YOUR ASSIGNMENT |
Repeat exactly, and only, the lines below starting at the line that contains "b. B a b = - B" and ending at the line that contains "(HamG B) 0 \<xi>'", inclusive of both.
┌──
lemma ham_solution_translate:
  assumes "ham_solution B 0 \<xi> \<gamma>" and "hmom B (0, \<xi>) \<noteq> 0"
  shows "ham_solution B y (barl B y \<xi>) (\<lambda>t. (gmult B y (fst (\<gamma> t)), barl B y (snd (\<gamma> t))))"
proof -
  note \<gamma> = ham_solutionD[OF assms]
  define h where "h = norm (hmom B (0, \<xi>))"
  define X where "X s = fst y + fst (fst (\<gamma> s))" for s
  define U where "U s = snd y + snd (fst (\<gamma> s)) + (1/2) *\<^sub>R B (fst y) (fst (fst (\<gamma> s)))" for s
  define W where "W s = hmom B (\<gamma> s)" for s
  have "h > 0"
    using assms(2) by (simp add: h_def)
  have X': "(X has_vector_derivative (1 / h) *\<^sub>R W t) (at t)" for t
    unfolding X_def[abs_def] W_def h_def
    by (intro has_vector_derivative_add[OF has_vector_derivative_const, simplified] \<gamma>(4))
  have U': "(U has_vector_derivative (1 / (2 * h)) *\<^sub>R B (X t) (W t)) (at t)" for t
    unfolding U_def[abs_def]
    by (rule has_vector_derivative_add[OF has_vector_derivative_add[OF has_vector_derivative_const \<gamma>(5)]
          bounded_linear.has_vector_derivative[OF bounded_linear_const_scaleR[OF bracket.bounded_linear_right] \<gamma>(4)],
          THEN has_vector_derivative_eq_rhs])
      (simp add: X_def W_def h_def bracket.add_left bracket.scaleR_right scaleR_scaleR flip: scaleR_add_right)
  have "ham_solution B (X 0, U 0) (W 0 - (1/2) *\<^sub>R Jmap B (snd \<xi>) (X 0), snd \<xi>) (phase_curve B (snd \<xi>) X U W)"
    by (rule phase_curve_ham_solution[OF \<open>h > 0\<close> _ _ X' U']) (use \<gamma>(1,3) in \<open>simp_all add: W_def h_def\<close>)
  moreover have "(X 0, U 0) = y" and "(W 0 - (1/2) *\<^sub>R Jmap B (snd \<xi>) (X 0), snd \<xi>) = barl B y \<xi>"
    using assms(1) by (simp_all add: ham_solution_def X_def U_def W_def hmom_def barl_def J.zero_right bracket.zero_right)
  moreover have "phase_curve B (snd \<xi>) X U W = (\<lambda>t. (gmult B y (fst (\<gamma> t)), barl B y (snd (\<gamma> t))))"
    using \<gamma>(2,6) by (simp add: fun_eq_iff phase_curve_def gmult_def barl_def X_def U_def W_def J.add_right algebra_simps)
  ultimately show ?thesis
    by simp
qed

lemma inv_lmap: "inv (lmap B y) = lmap B (- y)"
  by (rule inv_equality)
    (simp_all add: lmap_def gmult_def bracket.add_right bracket.diff_right bracket.minus_left algebra_simps)

lemma inv_barl: "inv (barl B y) = barl B (- y)"
  by (rule inv_equality) (simp_all add: barl_def J.minus_right)

lemma inner_translate: "(x - gmult B y p) \<bullet> barl B y q = (lmap B (- y) x - p) \<bullet> q"
proof -
  obtain x1 x2 y1 y2 p1 p2 q1 \<mu> where
    "x = (x1, x2)" "y = (y1, y2)" "p = (p1, p2)" "q = (q1, \<mu>)"
    by (metis prod.collapse)
  moreover have "(x1 - (y1 + p1)) \<bullet> Jmap B \<mu> y1 = B y1 x1 \<bullet> \<mu> - B y1 p1 \<bullet> \<mu>"
    by (simp add: inner_commute[of _ "Jmap B \<mu> y1"] Jmap_inner bracket.diff_right bracket.add_right
        inner_diff_right inner_add_right inner_commute[of \<mu>])
  ultimately show ?thesis
    by (simp add: lmap_def gmult_def barl_def inner_diff_left inner_diff_right inner_add_left
        bracket.minus_left) (simp add: field_simps)
qed

end

theorem proposition9p5:
  fixes B :: "real^'n \<Rightarrow> real^'n \<Rightarrow> real^'m"
    and t :: real and x y \<xi> :: "(real^'n) \<times> (real^'m)"
  assumes "bilinear B"
    and "\<forall>a b. B a b = - B b a"
    and "span (range (\<lambda>(a, b). B a b)) = UNIV"
    and "(y, \<xi>) \<in> Xi B"
  shows "phistar B t x y \<xi> = phi B t (inv (lmap B y) x) (inv (barl B y) \<xi>)"
proof -
  interpret skew_bracket B
    using assms(1,2) by unfold_locales blast+
  obtain \<xi>' where \<xi>: "\<xi> = barl B y \<xi>'" and "fst \<xi>' \<noteq> 0"
    using assms(4) by (force simp: Xi_def)
  then have nz: "hmom B (0, \<xi>') \<noteq> 0"
    by (simp add: hmom_def J.zero_right)
  obtain \<gamma> where \<gamma>: "ham_solution B 0 \<xi>' \<gamma>"
    using ham_solution_exists[OF nz] .
  have flow0: "ham_flow (HamG B) 0 \<xi>' = \<gamma>"
    by (rule ham_flow_eqI[OF \<gamma> nz])
  have flow: "ham_flow (HamG B) y \<xi> = (\<lambda>t. (gmult B y (fst (\<gamma> t)), barl B y (snd (\<gamma> t))))"
    unfolding \<xi> using ham_flow_eqI[OF ham_solution_translate[OF \<gamma> nz]] hmom_translate[of y 0] nz
    by simp
  have "inv (barl B y) \<xi> = \<xi>'"
    by (simp add: \<xi> inv_barl barl_def J.minus_right)
  moreover have "snd \<xi> = snd \<xi>'"
    by (simp add: \<xi> barl_def)
  ultimately show ?thesis
    by (simp add: phistar_def phi_def xstar_def xistar_def flow flow0 inv_lmap inner_translate)
      (simp add: lmap_def gmult_def diff_diff_eq)
qed

end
└──
RESPONSE |
    and "\<forall>a b. B a b = - B b a"
    and "span (range (\<lambda>(a, b). B a b)) = UNIV"
    and "(y, \<xi>) \<in> Xi B"
  shows "phistar B t x y \<xi> = phi B t (inv (lmap B y) x) (inv (barl B y) \<xi>)"
proof -
  interpret skew_bracket B
    using assms(1,2) by unfold_locales blast+
  obtain \<xi>' where \<xi>: "\<xi> = barl B y \<xi>'" and "fst \<xi>' \<noteq> 0"
    using assms(4) by (force simp: Xi_def)
  then have nz: "hmom B (0, \<xi>') \<noteq> 0"
    by (simp add: hmom_def J.zero_right)
  obtain \<gamma> where \<gamma>: "ham_solution B 0 \<xi>' \<gamma>"
    using ham_solution_exists[OF nz] .
  have flow0: "ham_flow (HamG B) 0 \<xi>' = \<gamma>"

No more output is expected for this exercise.